__Dataset extract__.
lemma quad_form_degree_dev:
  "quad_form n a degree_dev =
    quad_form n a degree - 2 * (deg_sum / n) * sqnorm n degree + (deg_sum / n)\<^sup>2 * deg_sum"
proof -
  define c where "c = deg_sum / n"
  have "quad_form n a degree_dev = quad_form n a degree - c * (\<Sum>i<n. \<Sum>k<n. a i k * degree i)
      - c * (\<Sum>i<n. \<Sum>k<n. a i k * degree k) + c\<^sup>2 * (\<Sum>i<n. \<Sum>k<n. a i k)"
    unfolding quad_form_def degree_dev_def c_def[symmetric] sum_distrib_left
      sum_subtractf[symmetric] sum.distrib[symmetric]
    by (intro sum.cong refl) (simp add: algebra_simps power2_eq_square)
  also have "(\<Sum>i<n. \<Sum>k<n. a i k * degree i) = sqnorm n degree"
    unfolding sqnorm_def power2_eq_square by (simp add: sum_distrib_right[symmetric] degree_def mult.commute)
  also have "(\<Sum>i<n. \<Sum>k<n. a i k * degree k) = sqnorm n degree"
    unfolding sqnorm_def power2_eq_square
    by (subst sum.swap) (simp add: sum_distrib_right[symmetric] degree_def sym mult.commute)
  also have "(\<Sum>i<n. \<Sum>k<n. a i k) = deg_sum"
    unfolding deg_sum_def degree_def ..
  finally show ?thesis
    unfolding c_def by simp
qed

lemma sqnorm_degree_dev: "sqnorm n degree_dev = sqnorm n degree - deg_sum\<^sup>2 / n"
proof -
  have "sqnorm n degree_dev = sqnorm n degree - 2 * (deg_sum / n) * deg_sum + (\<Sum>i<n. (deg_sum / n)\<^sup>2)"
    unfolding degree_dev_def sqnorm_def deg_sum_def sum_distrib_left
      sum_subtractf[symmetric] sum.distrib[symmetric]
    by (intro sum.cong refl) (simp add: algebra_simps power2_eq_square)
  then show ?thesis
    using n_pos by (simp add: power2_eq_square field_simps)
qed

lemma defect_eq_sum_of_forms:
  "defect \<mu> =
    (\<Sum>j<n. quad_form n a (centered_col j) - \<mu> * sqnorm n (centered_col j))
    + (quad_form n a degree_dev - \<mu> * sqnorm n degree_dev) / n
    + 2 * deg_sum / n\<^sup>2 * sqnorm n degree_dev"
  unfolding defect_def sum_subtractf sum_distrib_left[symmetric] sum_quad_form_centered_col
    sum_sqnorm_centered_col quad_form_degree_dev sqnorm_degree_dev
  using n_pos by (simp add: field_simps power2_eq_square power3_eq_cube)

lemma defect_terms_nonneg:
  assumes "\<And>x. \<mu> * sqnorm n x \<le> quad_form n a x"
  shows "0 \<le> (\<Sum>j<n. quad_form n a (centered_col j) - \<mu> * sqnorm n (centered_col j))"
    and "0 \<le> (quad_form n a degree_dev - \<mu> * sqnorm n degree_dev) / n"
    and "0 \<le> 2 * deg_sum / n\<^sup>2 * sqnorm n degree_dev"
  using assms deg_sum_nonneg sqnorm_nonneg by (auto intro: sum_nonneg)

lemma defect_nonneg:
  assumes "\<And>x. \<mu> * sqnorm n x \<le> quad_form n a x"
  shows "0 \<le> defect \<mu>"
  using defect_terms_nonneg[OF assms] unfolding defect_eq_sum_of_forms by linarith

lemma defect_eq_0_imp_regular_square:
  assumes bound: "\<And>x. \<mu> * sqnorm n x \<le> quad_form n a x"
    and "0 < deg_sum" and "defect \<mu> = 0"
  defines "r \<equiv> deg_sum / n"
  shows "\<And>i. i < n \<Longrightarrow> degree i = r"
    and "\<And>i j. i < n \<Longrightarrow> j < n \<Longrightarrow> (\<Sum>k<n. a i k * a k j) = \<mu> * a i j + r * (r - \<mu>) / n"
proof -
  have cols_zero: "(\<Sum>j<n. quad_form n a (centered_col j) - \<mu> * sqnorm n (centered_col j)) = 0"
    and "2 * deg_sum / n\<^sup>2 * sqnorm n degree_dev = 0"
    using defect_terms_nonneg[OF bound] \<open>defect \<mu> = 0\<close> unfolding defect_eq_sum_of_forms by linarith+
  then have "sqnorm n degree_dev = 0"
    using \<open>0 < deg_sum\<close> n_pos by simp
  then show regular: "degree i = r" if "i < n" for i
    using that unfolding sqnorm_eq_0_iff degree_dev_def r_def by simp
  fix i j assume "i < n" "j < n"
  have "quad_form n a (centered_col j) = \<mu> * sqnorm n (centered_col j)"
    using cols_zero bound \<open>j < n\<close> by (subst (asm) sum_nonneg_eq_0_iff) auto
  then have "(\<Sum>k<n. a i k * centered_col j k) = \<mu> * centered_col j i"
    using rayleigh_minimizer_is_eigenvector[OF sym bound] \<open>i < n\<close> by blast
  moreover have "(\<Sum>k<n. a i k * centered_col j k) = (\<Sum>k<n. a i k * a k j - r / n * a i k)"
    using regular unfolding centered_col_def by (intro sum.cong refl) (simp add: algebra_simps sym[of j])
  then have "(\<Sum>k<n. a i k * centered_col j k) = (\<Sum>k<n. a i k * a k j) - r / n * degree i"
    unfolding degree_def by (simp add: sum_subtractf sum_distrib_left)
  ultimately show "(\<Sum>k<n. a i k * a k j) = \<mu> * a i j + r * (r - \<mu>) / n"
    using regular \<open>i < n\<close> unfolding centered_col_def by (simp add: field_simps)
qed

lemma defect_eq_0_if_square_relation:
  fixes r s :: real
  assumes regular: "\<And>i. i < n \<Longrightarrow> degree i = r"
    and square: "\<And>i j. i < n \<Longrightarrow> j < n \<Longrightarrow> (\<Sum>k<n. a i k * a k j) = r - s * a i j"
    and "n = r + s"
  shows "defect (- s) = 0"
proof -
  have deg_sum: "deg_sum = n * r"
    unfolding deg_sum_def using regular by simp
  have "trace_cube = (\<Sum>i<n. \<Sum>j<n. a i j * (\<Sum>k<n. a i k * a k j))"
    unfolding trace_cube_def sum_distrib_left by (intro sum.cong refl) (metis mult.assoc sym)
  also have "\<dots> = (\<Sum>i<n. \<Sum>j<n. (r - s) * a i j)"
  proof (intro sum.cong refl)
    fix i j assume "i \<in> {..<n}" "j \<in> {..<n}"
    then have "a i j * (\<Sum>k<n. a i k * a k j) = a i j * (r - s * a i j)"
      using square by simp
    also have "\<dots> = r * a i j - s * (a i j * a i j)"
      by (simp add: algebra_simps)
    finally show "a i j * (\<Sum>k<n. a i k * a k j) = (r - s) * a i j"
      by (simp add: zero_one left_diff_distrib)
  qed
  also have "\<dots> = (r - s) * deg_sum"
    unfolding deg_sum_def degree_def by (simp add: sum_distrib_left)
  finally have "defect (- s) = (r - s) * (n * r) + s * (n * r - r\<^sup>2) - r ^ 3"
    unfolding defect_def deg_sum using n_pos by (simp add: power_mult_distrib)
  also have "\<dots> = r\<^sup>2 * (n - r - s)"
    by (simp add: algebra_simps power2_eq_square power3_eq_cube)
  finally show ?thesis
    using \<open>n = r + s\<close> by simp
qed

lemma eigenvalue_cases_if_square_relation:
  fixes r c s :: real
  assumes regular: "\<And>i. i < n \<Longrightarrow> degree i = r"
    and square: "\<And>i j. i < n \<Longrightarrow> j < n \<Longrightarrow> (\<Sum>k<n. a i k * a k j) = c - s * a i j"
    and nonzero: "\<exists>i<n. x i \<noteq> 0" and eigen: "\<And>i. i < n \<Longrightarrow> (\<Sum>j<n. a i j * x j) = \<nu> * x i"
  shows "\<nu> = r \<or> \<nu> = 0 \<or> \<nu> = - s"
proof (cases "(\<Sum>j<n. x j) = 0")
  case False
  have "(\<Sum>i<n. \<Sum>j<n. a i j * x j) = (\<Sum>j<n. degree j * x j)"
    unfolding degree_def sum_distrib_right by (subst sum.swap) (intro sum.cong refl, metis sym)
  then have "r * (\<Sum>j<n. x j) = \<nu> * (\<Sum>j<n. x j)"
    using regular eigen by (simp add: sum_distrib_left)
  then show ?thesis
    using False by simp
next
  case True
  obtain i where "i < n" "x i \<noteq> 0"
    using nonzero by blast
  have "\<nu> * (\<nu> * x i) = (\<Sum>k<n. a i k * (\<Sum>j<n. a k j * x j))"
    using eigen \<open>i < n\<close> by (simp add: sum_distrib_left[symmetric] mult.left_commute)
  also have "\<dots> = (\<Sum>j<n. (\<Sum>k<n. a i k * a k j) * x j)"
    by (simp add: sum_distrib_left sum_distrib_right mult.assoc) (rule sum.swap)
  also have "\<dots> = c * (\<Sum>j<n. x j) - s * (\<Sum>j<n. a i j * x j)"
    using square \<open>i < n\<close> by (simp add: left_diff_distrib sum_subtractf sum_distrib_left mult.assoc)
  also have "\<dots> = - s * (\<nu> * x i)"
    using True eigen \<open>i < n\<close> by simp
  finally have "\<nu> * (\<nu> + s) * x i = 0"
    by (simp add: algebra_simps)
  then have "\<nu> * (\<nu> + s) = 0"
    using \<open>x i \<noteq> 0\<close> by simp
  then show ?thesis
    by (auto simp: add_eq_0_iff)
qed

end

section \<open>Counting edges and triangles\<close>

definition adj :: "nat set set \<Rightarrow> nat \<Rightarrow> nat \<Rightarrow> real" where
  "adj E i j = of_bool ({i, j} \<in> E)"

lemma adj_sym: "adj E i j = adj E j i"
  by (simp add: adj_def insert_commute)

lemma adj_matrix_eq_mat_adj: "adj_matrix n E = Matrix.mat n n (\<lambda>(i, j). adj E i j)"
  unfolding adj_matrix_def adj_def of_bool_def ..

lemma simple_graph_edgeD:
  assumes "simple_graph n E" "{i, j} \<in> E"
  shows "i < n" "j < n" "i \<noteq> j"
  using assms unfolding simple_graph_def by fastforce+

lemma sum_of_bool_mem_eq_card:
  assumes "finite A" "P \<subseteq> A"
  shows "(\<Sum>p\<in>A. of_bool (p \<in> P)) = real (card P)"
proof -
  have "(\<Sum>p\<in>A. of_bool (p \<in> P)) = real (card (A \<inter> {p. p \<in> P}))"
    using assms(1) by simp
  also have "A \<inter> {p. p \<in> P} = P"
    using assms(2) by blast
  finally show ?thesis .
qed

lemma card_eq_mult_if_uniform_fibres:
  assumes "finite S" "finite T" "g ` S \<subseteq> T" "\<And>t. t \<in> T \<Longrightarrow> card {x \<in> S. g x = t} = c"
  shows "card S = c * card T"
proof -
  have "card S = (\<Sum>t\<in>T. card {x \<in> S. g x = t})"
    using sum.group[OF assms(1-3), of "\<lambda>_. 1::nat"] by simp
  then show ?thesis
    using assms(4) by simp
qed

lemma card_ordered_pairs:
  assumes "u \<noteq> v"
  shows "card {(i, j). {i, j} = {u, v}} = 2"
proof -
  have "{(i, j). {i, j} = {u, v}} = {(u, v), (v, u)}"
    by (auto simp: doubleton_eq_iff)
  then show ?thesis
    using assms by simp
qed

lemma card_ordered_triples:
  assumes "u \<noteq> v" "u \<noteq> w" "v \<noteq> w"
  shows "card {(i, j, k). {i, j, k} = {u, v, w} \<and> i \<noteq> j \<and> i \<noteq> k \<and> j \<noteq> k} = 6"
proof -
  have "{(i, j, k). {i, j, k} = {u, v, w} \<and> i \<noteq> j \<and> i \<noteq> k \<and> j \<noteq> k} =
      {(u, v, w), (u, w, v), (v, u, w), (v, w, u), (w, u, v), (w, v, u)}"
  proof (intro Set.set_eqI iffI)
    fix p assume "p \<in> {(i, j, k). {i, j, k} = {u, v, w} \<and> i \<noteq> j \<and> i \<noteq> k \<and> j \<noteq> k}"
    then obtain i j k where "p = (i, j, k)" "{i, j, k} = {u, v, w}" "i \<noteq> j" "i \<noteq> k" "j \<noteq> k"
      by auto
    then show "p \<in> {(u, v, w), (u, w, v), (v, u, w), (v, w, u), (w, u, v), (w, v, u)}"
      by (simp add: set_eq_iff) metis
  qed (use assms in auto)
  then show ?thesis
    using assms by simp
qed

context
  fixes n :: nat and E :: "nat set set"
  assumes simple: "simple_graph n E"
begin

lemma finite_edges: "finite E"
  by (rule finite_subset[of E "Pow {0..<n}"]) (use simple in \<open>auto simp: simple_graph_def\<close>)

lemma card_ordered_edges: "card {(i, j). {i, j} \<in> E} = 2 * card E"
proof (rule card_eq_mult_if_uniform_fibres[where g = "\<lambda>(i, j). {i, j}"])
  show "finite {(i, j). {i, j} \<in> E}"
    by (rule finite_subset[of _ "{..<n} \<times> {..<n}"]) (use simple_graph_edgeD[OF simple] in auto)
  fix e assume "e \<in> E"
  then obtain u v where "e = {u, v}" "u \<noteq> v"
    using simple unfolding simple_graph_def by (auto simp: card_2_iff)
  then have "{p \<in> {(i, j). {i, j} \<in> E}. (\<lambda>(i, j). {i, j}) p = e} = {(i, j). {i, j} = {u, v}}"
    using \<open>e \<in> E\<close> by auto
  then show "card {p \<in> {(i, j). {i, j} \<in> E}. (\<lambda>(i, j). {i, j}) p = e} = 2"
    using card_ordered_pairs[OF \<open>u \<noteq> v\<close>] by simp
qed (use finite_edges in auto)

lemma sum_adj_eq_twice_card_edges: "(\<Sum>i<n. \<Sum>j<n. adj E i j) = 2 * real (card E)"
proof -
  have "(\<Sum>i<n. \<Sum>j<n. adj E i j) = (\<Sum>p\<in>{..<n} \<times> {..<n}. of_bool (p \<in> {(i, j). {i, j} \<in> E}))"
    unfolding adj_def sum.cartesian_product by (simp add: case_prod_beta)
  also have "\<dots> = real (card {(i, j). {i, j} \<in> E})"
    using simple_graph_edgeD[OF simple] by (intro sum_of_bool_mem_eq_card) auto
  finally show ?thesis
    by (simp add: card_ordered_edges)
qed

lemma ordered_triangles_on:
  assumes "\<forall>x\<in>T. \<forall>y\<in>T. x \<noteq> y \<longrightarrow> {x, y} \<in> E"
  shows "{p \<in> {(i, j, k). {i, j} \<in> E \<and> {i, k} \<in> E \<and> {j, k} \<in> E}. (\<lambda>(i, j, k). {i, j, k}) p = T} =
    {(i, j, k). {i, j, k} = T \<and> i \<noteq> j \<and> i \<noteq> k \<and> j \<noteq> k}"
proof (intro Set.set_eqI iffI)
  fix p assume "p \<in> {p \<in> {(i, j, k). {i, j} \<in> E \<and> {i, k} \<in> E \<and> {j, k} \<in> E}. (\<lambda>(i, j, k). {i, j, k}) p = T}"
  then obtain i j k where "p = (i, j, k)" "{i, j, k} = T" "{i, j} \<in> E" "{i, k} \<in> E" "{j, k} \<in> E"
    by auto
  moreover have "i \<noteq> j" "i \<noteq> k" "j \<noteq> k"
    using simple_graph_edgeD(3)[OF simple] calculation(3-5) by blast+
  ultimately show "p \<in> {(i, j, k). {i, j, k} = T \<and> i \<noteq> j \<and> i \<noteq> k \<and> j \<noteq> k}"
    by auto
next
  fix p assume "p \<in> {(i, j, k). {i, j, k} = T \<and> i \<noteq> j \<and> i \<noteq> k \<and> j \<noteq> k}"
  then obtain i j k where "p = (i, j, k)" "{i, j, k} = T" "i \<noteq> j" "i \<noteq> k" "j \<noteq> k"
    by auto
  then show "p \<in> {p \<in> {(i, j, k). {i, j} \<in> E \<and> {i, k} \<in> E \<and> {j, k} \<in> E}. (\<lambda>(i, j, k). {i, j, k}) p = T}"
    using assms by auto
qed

__Goal of the exercise__.
Looking at the records above, which lines contain "metis"? Copy those lines.

__Answer area__.
    unfolding trace_cube_def sum_distrib_left by (intro sum.cong refl) (metis mult.assoc sym)
    unfolding degree_def sum_distrib_right by (subst sum.swap) (intro sum.cong refl, metis sym)
      by (simp add: set_eq_iff) metis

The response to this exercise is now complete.